(Saved data entries)
-- -- --

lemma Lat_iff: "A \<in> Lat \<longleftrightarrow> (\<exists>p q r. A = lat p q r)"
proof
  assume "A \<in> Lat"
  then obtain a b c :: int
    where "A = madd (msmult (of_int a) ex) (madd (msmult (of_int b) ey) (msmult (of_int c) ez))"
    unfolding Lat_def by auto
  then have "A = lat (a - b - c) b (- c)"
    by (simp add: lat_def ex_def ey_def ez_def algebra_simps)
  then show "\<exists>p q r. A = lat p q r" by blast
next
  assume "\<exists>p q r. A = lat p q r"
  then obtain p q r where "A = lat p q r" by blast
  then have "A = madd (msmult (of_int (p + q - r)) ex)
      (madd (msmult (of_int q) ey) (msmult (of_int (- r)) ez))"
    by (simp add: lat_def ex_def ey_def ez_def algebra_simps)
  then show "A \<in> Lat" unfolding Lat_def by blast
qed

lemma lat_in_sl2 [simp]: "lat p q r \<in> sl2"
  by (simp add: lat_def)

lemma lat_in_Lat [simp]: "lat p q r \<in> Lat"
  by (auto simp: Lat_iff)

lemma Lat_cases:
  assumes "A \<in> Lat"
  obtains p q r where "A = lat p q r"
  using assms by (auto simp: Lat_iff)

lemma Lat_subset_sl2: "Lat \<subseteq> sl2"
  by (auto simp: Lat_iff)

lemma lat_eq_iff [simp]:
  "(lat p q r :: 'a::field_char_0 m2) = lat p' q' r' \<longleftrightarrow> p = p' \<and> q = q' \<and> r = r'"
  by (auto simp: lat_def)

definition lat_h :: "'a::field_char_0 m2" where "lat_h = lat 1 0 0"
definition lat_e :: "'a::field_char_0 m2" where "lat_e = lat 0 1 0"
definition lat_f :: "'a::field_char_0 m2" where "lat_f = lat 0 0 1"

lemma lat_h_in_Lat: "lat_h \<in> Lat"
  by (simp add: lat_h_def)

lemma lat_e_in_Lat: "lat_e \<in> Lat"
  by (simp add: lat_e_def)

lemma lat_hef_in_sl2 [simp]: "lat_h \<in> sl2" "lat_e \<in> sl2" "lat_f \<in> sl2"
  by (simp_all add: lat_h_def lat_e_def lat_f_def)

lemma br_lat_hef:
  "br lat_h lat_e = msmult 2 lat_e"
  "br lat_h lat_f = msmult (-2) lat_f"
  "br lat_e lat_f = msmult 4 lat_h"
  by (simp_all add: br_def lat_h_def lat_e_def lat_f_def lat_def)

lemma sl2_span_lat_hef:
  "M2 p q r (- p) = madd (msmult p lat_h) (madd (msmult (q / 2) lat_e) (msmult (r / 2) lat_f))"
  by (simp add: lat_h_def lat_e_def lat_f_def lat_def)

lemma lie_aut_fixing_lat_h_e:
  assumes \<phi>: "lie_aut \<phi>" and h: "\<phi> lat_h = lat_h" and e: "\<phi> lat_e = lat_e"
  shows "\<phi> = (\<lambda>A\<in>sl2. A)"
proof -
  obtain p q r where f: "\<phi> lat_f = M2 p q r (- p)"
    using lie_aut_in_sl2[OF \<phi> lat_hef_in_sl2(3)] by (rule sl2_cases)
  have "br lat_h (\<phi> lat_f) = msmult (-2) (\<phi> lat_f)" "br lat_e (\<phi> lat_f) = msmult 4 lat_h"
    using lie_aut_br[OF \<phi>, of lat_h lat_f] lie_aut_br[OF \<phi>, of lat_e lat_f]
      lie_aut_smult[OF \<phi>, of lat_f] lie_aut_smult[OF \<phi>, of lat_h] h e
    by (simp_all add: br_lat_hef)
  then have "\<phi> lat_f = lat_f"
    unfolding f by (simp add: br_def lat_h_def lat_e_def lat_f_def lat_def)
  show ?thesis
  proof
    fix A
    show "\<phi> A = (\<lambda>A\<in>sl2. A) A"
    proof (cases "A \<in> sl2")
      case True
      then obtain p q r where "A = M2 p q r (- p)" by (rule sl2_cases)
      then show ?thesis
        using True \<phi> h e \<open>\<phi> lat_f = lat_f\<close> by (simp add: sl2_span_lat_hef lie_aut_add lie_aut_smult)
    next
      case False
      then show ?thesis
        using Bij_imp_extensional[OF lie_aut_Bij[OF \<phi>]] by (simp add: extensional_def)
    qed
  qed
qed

-- -- --

[DIRECTIONS FOR THIS TASK] Please go over the data above and copy each line with "have" in it.

[WRITTEN RESPONSE]
  then have "A = lat (a - b - c) b (- c)"
  then have "A = madd (msmult (of_int (p + q - r)) ex)
  have "br lat_h (\<phi> lat_f) = msmult (-2) (\<phi> lat_f)" "br lat_e (\<phi> lat_f) = msmult 4 lat_h"
  then have "\<phi> lat_f = lat_f"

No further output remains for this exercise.